## HOW TO COMPLETE THIS TASK
Restate word for word the lines of the entries below, starting with the line that holds "by (rule integral_nonneg[OF int]) simp" and ending with the line that holds "(real \<Rightarrow> real)", and no others.

## DATA FOR ANALYSIS
(* Let $\frac12<s<1$, $M\in\mathbb R\setminus\{0\}$, let $\gamma=\gamma(s)\ge\pi/2$ be the gap constant, and let $c\in(0,\gamma)\cup(\gamma,\infty)$. Let $$\mathcal V=\left\{\sqrt{3\left(\frac{\mu_n^1}{2\rho_n^{1/(2s)}}\right)^2+\rho_n^{1-\frac1s}}:\ n\ge1\right\}.$$ (a) If $c\notin\mathcal V$, then for each $N\ge1$ there is $\upsilon=\upsilon(N,c)>0$ such that $|\lambda_n^j-\lambda_m^k|\ge\upsilon$ for all $(n,j),(m,k)\in S$ with $(n,j)\ne(m,k)$, $1\le|n|,|m|\le N$ and $j,k\in\{2,3\}$. (b) If $c\in\mathcal V$, then there is a unique $n_c\ge1$ such that $\lambda_{-n_c}^2=\lambda_{n_c}^3$, and for each $N\ge1$ there is $\upsilon=\upsilon(N,c)>0$ such that $|\lambda_n^j-\lambda_m^k|\ge\upsilon$ for all $(n,j),(m,k)\in S$ with $(n,j)\neq(m,k)$, $1\le|n|,|m|\le N$, $j,k\in\{2,3\}$, except for the pair $\{(n,j),(m,k)\}=\{(-n_c,2),(n_c,3)\}$.
   Context: $(-d_x^2)^s$ denotes the fractional Laplacian; $0<\rho_1\le\rho_2\le\cdots\to\infty$ are the eigenvalues (with multiplicity) of its realization on $L^2(-1,1)$ with zero exterior Dirichlet condition. Standing facts used for $\frac12<s<1$: the eigenvalues $\rho_n$ are simple, and there is a constant $\gamma=\gamma(s)\ge\pi/2$ such that $\rho_{n+1}^{1/(2s)}-\rho_n^{1/(2s)}\ge\gamma$ for all $n$ large enough. Fix $M\in\mathbb R\setminus\{0\}$. For $n\ge1$, $\mu_n^1$ is the unique real root of $\mu^3+\rho_n\mu-M\rho_n=0$ (it lies strictly between $0$ and $M$), $\mu_n^2=-\frac{\mu_n^1}{2}+i\sqrt{3(\mu_n^1/2)^2+\rho_n}$ and $\mu_n^3=\overline{\mu_n^2}$. For $c\in\mathbb R$, $\mathbb Z^*=\mathbb Z\setminus\{0\}$, $S=\{(n,j):n\in\mathbb Z^*,\ j\in\{1,2,3\}\}$ and $\lambda_n^j=\mu_{|n|}^j+i\,\mathrm{sgn}(n)\,c\,\rho_{|n|}^{1/(2s)}$ for $(n,j)\in S$. *)

theory Defs
  imports "HOL-Analysis.Analysis"
begin

text \<open>The eigenvalues rho_1 <= rho_2 <= ... of the Dirichlet fractional Laplacian
  are modelled as an abstract sequence rho :: nat => real (index 0 unused),
  subject to the standing facts stated as hypotheses of the theorem.\<close>

definition mu1 :: "real \<Rightarrow> real \<Rightarrow> real" where
  "mu1 M r = (THE x. x ^ 3 + r * x - M * r = 0)"

definition mu2 :: "real \<Rightarrow> real \<Rightarrow> complex" where
  "mu2 M r = Complex (- mu1 M r / 2) (sqrt (3 * (mu1 M r / 2)^2 + r))"

definition mu3 :: "real \<Rightarrow> real \<Rightarrow> complex" where
  "mu3 M r = cnj (mu2 M r)"

definition mu :: "real \<Rightarrow> real \<Rightarrow> nat \<Rightarrow> complex" where
  "mu M r j = (if j = 1 then complex_of_real (mu1 M r) else if j = 2 then mu2 M r else mu3 M r)"

definition lam :: "real \<Rightarrow> real \<Rightarrow> real \<Rightarrow> (nat \<Rightarrow> real) \<Rightarrow> int \<Rightarrow> nat \<Rightarrow> complex" where
  "lam s M c rho n j =
     mu M (rho (nat \<bar>n\<bar>)) j
     + \<i> * complex_of_real (of_int (sgn n) * c * rho (nat \<bar>n\<bar>) powr (1 / (2 * s)))"

definition Vset :: "real \<Rightarrow> real \<Rightarrow> (nat \<Rightarrow> real) \<Rightarrow> real set" where
  "Vset s M rho = {sqrt (3 * (mu1 M (rho n) / (2 * rho n powr (1 / (2 * s))))^2
                        + rho n powr (1 - 1 / s)) | n. n \<ge> 1}"

end

theory Submission
  imports Defs
begin

text \<open>For j in {2, 3} the real part of lambda_n^j is -mu_|n|^1 / 2, and mu^1 is an injective function
  of rho, so two such eigenvalues can only coincide when |n| = |m| = p. Their imaginary parts are then
  +-Im mu^2(rho_p) +- c rho_p^(1/(2s)); these agree only for the pair lambda_{-p}^2 = lambda_p^3, and only
  when c equals the critical speed Im mu^2(rho_p) / rho_p^(1/(2s)), which is the element of V indexed
  by p. Writing mu^1 = M t with M^2 t^3 = rho (1 - t) shows that the critical speed is strictly
  decreasing in rho for 0 < s < 1, so at most one p collides. Finally, for |n|, |m| <= N there are only
  finitely many pairs, so the least distance between non-colliding ones is positive.\<close>

lemma cube_plus_linear_strict_mono:
  fixes x y r :: real
  assumes "x < y" and "0 \<le> r"
  shows "x ^ 3 + r * x < y ^ 3 + r * y"
proof -
  have "0 < x\<^sup>2 + y\<^sup>2" using assms(1) by (cases "x = 0") (simp_all add: add_pos_nonneg)
  then have "0 < (x + y)\<^sup>2 + (x\<^sup>2 + y\<^sup>2)" by (rule add_nonneg_pos[rotated]) simp
  also have "\<dots> = 2 * (x\<^sup>2 + x * y + y\<^sup>2)" by (simp add: power2_eq_square algebra_simps)
  finally have "0 < (y - x) * (x\<^sup>2 + x * y + y\<^sup>2 + r)"
    using assms by (intro mult_pos_pos) auto
  also have "\<dots> = (y ^ 3 + r * y) - (x ^ 3 + r * x)"
    by (simp add: power2_eq_square power3_eq_cube algebra_simps)
  finally show ?thesis by simp
qed

lemma mu1_root:
  assumes "0 < r"
  shows "mu1 M r ^ 3 + r * mu1 M r - M * r = 0"
proof -
  let ?g = "\<lambda>x::real. x ^ 3 + r * x - M * r"
  have "\<bar>M\<bar> * r \<ge> M * r" "\<bar>M\<bar> * r \<ge> - M * r"
    using assms mult_right_mono[of "- M" "\<bar>M\<bar>" r] by (simp_all add: mult_right_mono)
  moreover have "0 \<le> \<bar>M\<bar> ^ 3" by simp
  moreover have "?g (- \<bar>M\<bar>) = - (\<bar>M\<bar> ^ 3) - \<bar>M\<bar> * r - M * r" "?g \<bar>M\<bar> = \<bar>M\<bar> ^ 3 + \<bar>M\<bar> * r - M * r"
    by (simp_all add: mult.commute[of r])
  ultimately have "?g (- \<bar>M\<bar>) \<le> 0" "0 \<le> ?g \<bar>M\<bar>" by linarith+
  moreover have "\<forall>x. - \<bar>M\<bar> \<le> x \<and> x \<le> \<bar>M\<bar> \<longrightarrow> isCont ?g x"
    by (intro allI impI continuous_intros)
  ultimately obtain x where x: "?g x = 0"
    using IVT[of ?g "- \<bar>M\<bar>" 0 "\<bar>M\<bar>"] by auto
  have "y = x" if "?g y = 0" for y
    using cube_plus_linear_strict_mono[of x y r] cube_plus_linear_strict_mono[of y x r]
      x that assms by (cases y x rule: linorder_cases) simp_all
  with x have "\<exists>!x. ?g x = 0" by blast
  then show ?thesis unfolding mu1_def by (rule theI')
qed

lemma mu1_eq_M_times:
  assumes "0 < r" and "M \<noteq> 0"
  obtains t where "0 < t" "t < 1" "M\<^sup>2 * t ^ 3 = r * (1 - t)" "mu1 M r = M * t"
proof -
  define t where "t = mu1 M r / M"
  have mu1_t: "mu1 M r = M * t" using assms(2) unfolding t_def by simp
  have "M * (M\<^sup>2 * t ^ 3 - r * (1 - t)) = 0"
    using mu1_root[OF assms(1), of M] unfolding mu1_t
    by (simp add: algebra_simps power3_eq_cube power2_eq_square)
  then have eq: "M\<^sup>2 * t ^ 3 = r * (1 - t)" using assms(2) by simp
  have M2: "0 < M\<^sup>2" using assms(2) by simp
  have "0 < t"
  proof (rule ccontr)
    assume "\<not> 0 < t"
    then have "M\<^sup>2 * t ^ 3 \<le> 0" "0 < r * (1 - t)"
      using M2 assms(1) by (simp_all add: mult_nonneg_nonpos power_le_zero_eq)
    with eq show False by linarith
  qed
  moreover have "t < 1"
  proof (rule ccontr)
    assume "\<not> t < 1"
    then have "r * (1 - t) \<le> 0" using assms(1) by (simp add: mult_nonneg_nonpos)
    moreover have "0 < M\<^sup>2 * t ^ 3" using M2 \<open>0 < t\<close> by simp
    ultimately show False using eq by linarith
  qed
  ultimately show ?thesis using that eq mu1_t by blast
qed

lemma mu1_inj_on:
  assumes "M \<noteq> 0"
  shows "inj_on (mu1 M) {0<..}"
proof (rule inj_onI)
  fix r1 r2 :: real
  assume r: "r1 \<in> {0<..}" "r2 \<in> {0<..}" and eq: "mu1 M r1 = mu1 M r2"
  obtain t where t: "M\<^sup>2 * t ^ 3 = r1 * (1 - t)" "t < 1" "mu1 M r1 = M * t"
    using mu1_eq_M_times[of r1 M] r assms by auto
  obtain u where u: "M\<^sup>2 * u ^ 3 = r2 * (1 - u)" "mu1 M r2 = M * u"
    using mu1_eq_M_times[of r2 M] r assms by auto
  have "u = t" using t(3) u(2) eq assms by simp
  with t u show "r1 = r2" by simp
qed

lemma mu1_ratio_bounds:
  assumes "M \<noteq> 0" and "0 < r1" and "r1 \<le> r2"
  shows "1 \<le> mu1 M r2 / mu1 M r1" and "(mu1 M r2 / mu1 M r1) ^ 3 \<le> r2 / r1"
proof -
  have r2: "0 < r2" using assms by linarith
  obtain t1 where t1: "0 < t1" "t1 < 1" "M\<^sup>2 * t1 ^ 3 = r1 * (1 - t1)" "mu1 M r1 = M * t1"
    using mu1_eq_M_times[OF assms(2,1)] by blast
  obtain t2 where t2: "0 < t2" "t2 < 1" "M\<^sup>2 * t2 ^ 3 = r2 * (1 - t2)" "mu1 M r2 = M * t2"
    using mu1_eq_M_times[OF r2 assms(1)] by blast
  have ratio: "mu1 M r2 / mu1 M r1 = t2 / t1" using t1(4) t2(4) assms(1) by simp
  have M2: "0 < M\<^sup>2" using assms(1) by simp
  have t12: "t1 \<le> t2"
  proof (rule ccontr)
    assume "\<not> t1 \<le> t2"
    then have "t2 ^ 3 < t1 ^ 3" using t2(1) by (simp add: power_strict_mono)
    then have "r2 * (1 - t2) < r1 * (1 - t1)"
      using M2 unfolding t1(3)[symmetric] t2(3)[symmetric] by simp
    moreover have "r1 * (1 - t1) \<le> r2 * (1 - t2)"
      using \<open>\<not> t1 \<le> t2\<close> assms(2,3) t1(2) by (intro mult_mono) auto
    ultimately show False by simp
  qed
  then show "1 \<le> mu1 M r2 / mu1 M r1" unfolding ratio using t1(1) by simp
  \<comment> \<open>Both sides equal \<open>M\<^sup>2 t1\<^sup>3 t2\<^sup>3\<close>.\<close>
  have "(1 - t1) * (r1 * t2 ^ 3) = r2 * (1 - t2) * t1 ^ 3"
    using t1(3) t2(3) by (metis mult.assoc mult.commute)
  also have "\<dots> \<le> (1 - t1) * (r2 * t1 ^ 3)"
    using t12 r2 t1(1) by (simp add: mult_right_mono algebra_simps)
  finally have "r1 * t2 ^ 3 \<le> r2 * t1 ^ 3" using t1(2) by simp
  then show "(mu1 M r2 / mu1 M r1) ^ 3 \<le> r2 / r1"
    unfolding ratio using t1(1) assms(2) by (simp add: field_simps)
qed

lemma abs_mu1_div_powr_antimono:
  assumes "1 / 3 \<le> a" and "M \<noteq> 0" and "0 < r1" and "r1 \<le> r2"
  shows "\<bar>mu1 M r2\<bar> / r2 powr a \<le> \<bar>mu1 M r1\<bar> / r1 powr a"
proof -
  define x where "x = mu1 M r2 / mu1 M r1"
  have x1: "1 \<le> x" and x3: "x ^ 3 \<le> r2 / r1"
    using mu1_ratio_bounds[OF assms(2-4)] unfolding x_def by auto
  have "\<bar>mu1 M r2\<bar> / \<bar>mu1 M r1\<bar> = \<bar>x\<bar>" unfolding x_def by simp
  also have "\<dots> = x powr 1" using x1 by simp
  also have "\<dots> \<le> x powr (3 * a)" using assms(1) x1 by (intro powr_mono) auto
  also have "\<dots> = (x powr 3) powr a" by (simp add: powr_powr)
  also have "\<dots> = (x ^ 3) powr a" using x1 by simp
  also have "\<dots> \<le> (r2 / r1) powr a" using assms(1) x1 x3 by (intro powr_mono2) auto
  also have "\<dots> = r2 powr a / r1 powr a" by (simp add: powr_divide)
  finally have "\<bar>mu1 M r2\<bar> / \<bar>mu1 M r1\<bar> \<le> r2 powr a / r1 powr a" .
  moreover have "mu1 M r1 \<noteq> 0" using x1 unfolding x_def by auto
  ultimately show ?thesis using assms(3,4) by (simp add: field_simps)
qed

definition critical_speed :: "real \<Rightarrow> real \<Rightarrow> real \<Rightarrow> real" where
  "critical_speed s M r =
     sqrt (3 * (mu1 M r / (2 * r powr (1 / (2 * s))))\<^sup>2 + r powr (1 - 1 / s))"

lemma Vset_eq_image: "Vset s M rho = (\<lambda>n. critical_speed s M (rho n)) ` {1..}"
  unfolding Vset_def critical_speed_def by auto

lemma Im_mu2: "Im (mu2 M r) = sqrt (3 * (mu1 M r / 2)\<^sup>2 + r)"
  by (simp add: mu2_def)

lemma critical_speed_eq:
  assumes "0 < r"
  shows "critical_speed s M r = Im (mu2 M r) / r powr (1 / (2 * s))"
proof -
  define R where "R = r powr (1 / (2 * s))"
  have R0: "0 < R" using assms unfolding R_def by simp
  have "R\<^sup>2 = r powr (1 / s)"
    unfolding R_def power2_eq_square powr_add[symmetric] by simp
  then have "r powr (1 - 1 / s) = r / R\<^sup>2" using assms by (simp add: powr_diff)
  then have "3 * (mu1 M r / (2 * R))\<^sup>2 + r powr (1 - 1 / s) = (3 * (mu1 M r / 2)\<^sup>2 + r) / R\<^sup>2"
    using R0 by (simp add: field_simps)
  then show ?thesis
    using R0 unfolding critical_speed_def Im_mu2 R_def[symmetric] by (simp add: real_sqrt_divide)
qed
(* Suppose Assumptions (A1)–(A3) hold and let $\{\boldsymbol x_k\},\{\boldsymbol v_k\}$ be generated by Algorithm 1 with parameters $\alpha>\beta>0$ and $\eta>0$. Define $\epsilon_1=(\alpha-\beta)\rho_2(L)-\frac12(2+3L_f^2)$, $\epsilon_2=\beta^2\rho(L)+(2\alpha^2+\beta^2)\rho^2(L)+\frac52L_f^2$, $\epsilon_3=\beta-\frac12-\frac\alpha{2\beta^2}-\frac1{2\beta\rho_2(L)}$, $\epsilon_4=2\beta^2+\frac12$, $\epsilon_5=\frac14-\frac1{2\beta}(\frac1\beta+\frac1{\rho_2(L)}+\frac\alpha\beta)L_f^2$, $\epsilon_6=\frac1{\beta^2}(1+\frac1{\rho_2(L)}+\frac\alpha\beta)L_f^2+\frac{L_f(1+L_f)}2$, and $$V_k=\frac12\|\boldsymbol x_k\|^2_{\boldsymbol K}+\frac12\Big\|\boldsymbol v_k+\frac1\beta\boldsymbol g^0_k\Big\|^2_{\boldsymbol Q+\frac\alpha\beta\boldsymbol K}+\boldsymbol x_k^\top\boldsymbol K\Big(\boldsymbol v_k+\frac1\beta\boldsymbol g^0_k\Big)+n(f(\bar x_k)-f^* ).$$ Then for all $k\in\mathbb N_0$, $$V_{k+1}\le V_k-\eta(\epsilon_1-\eta\epsilon_2)\|\boldsymbol x_k\|^2_{\boldsymbol K}-\eta(\epsilon_3-\eta\epsilon_4)\Big\|\boldsymbol v_k+\frac1\beta\boldsymbol g_k^0\Big\|^2_{\boldsymbol K}-\eta(\epsilon_5-\eta\epsilon_6)\|\bar{\boldsymbol g}_k\|^2-\frac\eta4\|\bar{\boldsymbol g}^0_k\|^2.$$
   Context: Setting: $n$ agents on weighted undirected graph $\mathcal G$ with Laplacian $L=(L_{ij})$; $\rho(L)$ largest and $\rho_2(L)$ smallest positive eigenvalue of $L$. $f=\frac1n\sum_if_i$, $f_i:\mathbb R^p\to\mathbb R$, $f^*=\min f$. Assumptions: (A1) $\mathcal G$ connected; (A2) $\arg\min f\ne\emptyset$, $f^*>-\infty$; (A3) each $\nabla f_i$ is $L_f$-Lipschitz. Algorithm 1: $x_{i,0}$ arbitrary, $\sum_jv_{j,0}=\mathbf 0_p$, $x_{i,k+1}=x_{i,k}-\eta(\alpha\sum_jL_{ij}x_{j,k}+\beta v_{i,k}+\nabla f_i(x_{i,k}))$, $v_{i,k+1}=v_{i,k}+\eta\beta\sum_jL_{ij}x_{j,k}$. Notation: $\boldsymbol x_k=\mathrm{col}(x_{i,k})$, $\boldsymbol v_k=\mathrm{col}(v_{i,k})$, $\bar x_k=\frac1n\sum_ix_{i,k}$, $\boldsymbol K=(I_n-\frac1n\mathbf 1\mathbf 1^\top)\otimes I_p$, $\boldsymbol H=\frac1n\mathbf 1\mathbf 1^\top\otimes I_p$, $\|z\|^2_M=z^\top Mz$, $\boldsymbol g_k=\mathrm{col}(\nabla f_i(x_{i,k}))$, $\bar{\boldsymbol g}_k=\boldsymbol H\boldsymbol g_k$, $\boldsymbol g_k^0=\mathrm{col}(\nabla f_i(\bar x_k))$, $\bar{\boldsymbol g}^0_k=\boldsymbol H\boldsymbol g^0_k$. $\boldsymbol Q=R\Lambda_1^{-1}R^\top\otimes I_p$, where $[\frac1{\sqrt n}\mathbf 1_n\ R]$ is an orthogonal matrix whose columns of $R$ are orthonormal eigenvectors of $L$ for its nonzero eigenvalues $0<\lambda_2\le\dots\le\lambda_n$ and $\Lambda_1=\mathrm{diag}(\lambda_2,\dots,\lambda_n)$ (so $R\Lambda_1^{-1}R^\top$ is the Moore–Penrose pseudoinverse of $L$). *)

theory Defs
  imports "HOL-Analysis.Analysis"
begin
lemma abs_eq_integral_powr_exp:
  fixes V :: "real \<Rightarrow> real"
  assumes "0 < e" "e \<le> t" "t \<le> 1"
    and "continuous_on {e..1} V" "V 1 = 0"
    and V': "\<And>s. s \<in> {e<..<1} \<Longrightarrow> (V has_real_derivative k * (s powr (- b) * exp (b * s))) (at s)"
  shows "\<bar>V t\<bar> = \<bar>k\<bar> * integral {t..1} (\<lambda>s. s powr (- b) * exp (b * s))"
proof -
  have "((\<lambda>s. k * (s powr (- b) * exp (b * s))) has_integral V 1 - V t) {t..1}"
  proof (rule fundamental_theorem_of_calculus_interior)
    show "continuous_on {t..1} V" using assms by (auto elim: continuous_on_subset)
    show "(V has_vector_derivative k * (s powr (- b) * exp (b * s))) (at s)" if "s \<in> {t<..<1}" for s
      using V' that assms by (simp add: has_real_derivative_iff_has_vector_derivative[symmetric])
  qed (use assms in simp)
  moreover have int: "(\<lambda>s. s powr (- b) * exp (b * s)) integrable_on {t..1}"
    using assms by (intro integrable_continuous_interval continuous_intros) auto
  ultimately have "- V t = k * integral {t..1} (\<lambda>s. s powr (- b) * exp (b * s))"
    using \<open>V 1 = 0\<close> by (metis diff_0 has_integral_integral has_integral_mult_right has_integral_unique)
  moreover have "integral {t..1} (\<lambda>s. s powr (- b) * exp (b * s)) \<ge> 0"
    by (rule integral_nonneg[OF int]) simp
  ultimately show ?thesis by (metis abs_minus_cancel abs_mult abs_of_nonneg)
qed

definition logistic_ode_solution :: "real \<Rightarrow> (real \<Rightarrow> real) \<Rightarrow> real set \<Rightarrow> bool" where
  "logistic_ode_solution lam f S \<longleftrightarrow> (\<exists>f1 f2. \<forall>x\<in>S.
     (f has_real_derivative f1 x) (at x) \<and> (f1 has_real_derivative f2 x) (at x) \<and>
     lam\<^sup>2 / 2 * x\<^sup>2 * f2 x + x * (1 - x) * f1 x = -1)"
lemma sum_weighted_powr_le_partial_sums:
  fixes x :: "nat \<Rightarrow> real" and a p :: real
  assumes p: "1 \<le> p" and "0 \<le> a" "a \<le> p" "1 \<le> L"
    and nonneg: "\<And>k. 1 \<le> k \<Longrightarrow> 0 \<le> x k"
    and dec: "\<And>k. 1 \<le> k \<Longrightarrow> x (Suc k) \<le> x k"
  shows "(\<Sum>m=1..L. real m powr (a - p)) * (\<Sum>k=1..K. real k powr a * x k powr p)
       \<le> (\<Sum>n=1..L * K. real n powr (a - p) * (\<Sum>k=1..n. x k) powr p)"
proof -
  define d where "d k = real k powr p - real (k - 1) powr p" for k
  define w where "w n = real n powr (a - p)" for n
  define Z where "Z = (\<Sum>m=1..L. w m)"
  have d_nonneg: "0 \<le> d k" for k
    unfolding d_def using p by (simp add: powr_mono2)
  have "Z * (\<Sum>k=1..K. real k powr a * x k powr p)
      \<le> (\<Sum>k=1..K. d k * x k powr p * (\<Sum>n=k..L * K. w n))"
  proof -
    have "0 \<le> (\<Sum>k=1..K. (d k * (\<Sum>n=k..L * K. w n) - Z * real k powr a) * x k powr p)"
    proof (rule abel_summation_nonneg)
      show "0 \<le> (\<Sum>k=1..N. d k * (\<Sum>n=k..L * K. w n) - Z * real k powr a)" if "N \<le> K" for N
        using sum_powr_increments_mult_tail_ge[OF assms(2-4) that]
        by (simp add: sum_subtractf sum_distrib_left d_def w_def Z_def)
      show "x (Suc k) powr p \<le> x k powr p" if "1 \<le> k" for k
        using nonneg dec that p by (intro powr_mono2) auto
    qed simp
    then show ?thesis by (simp add: algebra_simps sum_subtractf sum_distrib_left)
  qed
  also have "\<dots> = (\<Sum>n=1..L * K. w n * (\<Sum>k=1..min n K. d k * x k powr p))"
    using sum_mult_partial_sums_swap[where w = w and M = "L * K" and K = K
        and c = "\<lambda>k. d k * x k powr p"] assms(4)
    by (simp add: min_absorb2)
  also have "\<dots> \<le> (\<Sum>n=1..L * K. w n * (\<Sum>k=1..n. x k) powr p)"
  proof (intro sum_mono mult_left_mono)
    fix n
    have "(\<Sum>k=1..min n K. d k * x k powr p) \<le> (\<Sum>k=1..n. d k * x k powr p)"
      by (rule sum_mono2) (use d_nonneg in auto)
    also have "\<dots> \<le> (\<Sum>k=1..n. x k) powr p"
      unfolding d_def by (rule powr_sum_ge_sum_increments[where x = x, OF p nonneg dec])
    finally show "(\<Sum>k=1..min n K. d k * x k powr p) \<le> (\<Sum>k=1..n. x k) powr p" .
    show "0 \<le> w n" by (simp add: w_def)
  qed
  finally show ?thesis by (simp add: Z_def w_def)
qed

## EXERCISE OUTPUT
    by (rule integral_nonneg[OF int]) simp
  ultimately show ?thesis by (metis abs_minus_cancel abs_mult abs_of_nonneg)
qed

definition logistic_ode_solution :: "real \<Rightarrow> (real \<Rightarrow> real) \<Rightarrow> real set \<Rightarrow> bool" where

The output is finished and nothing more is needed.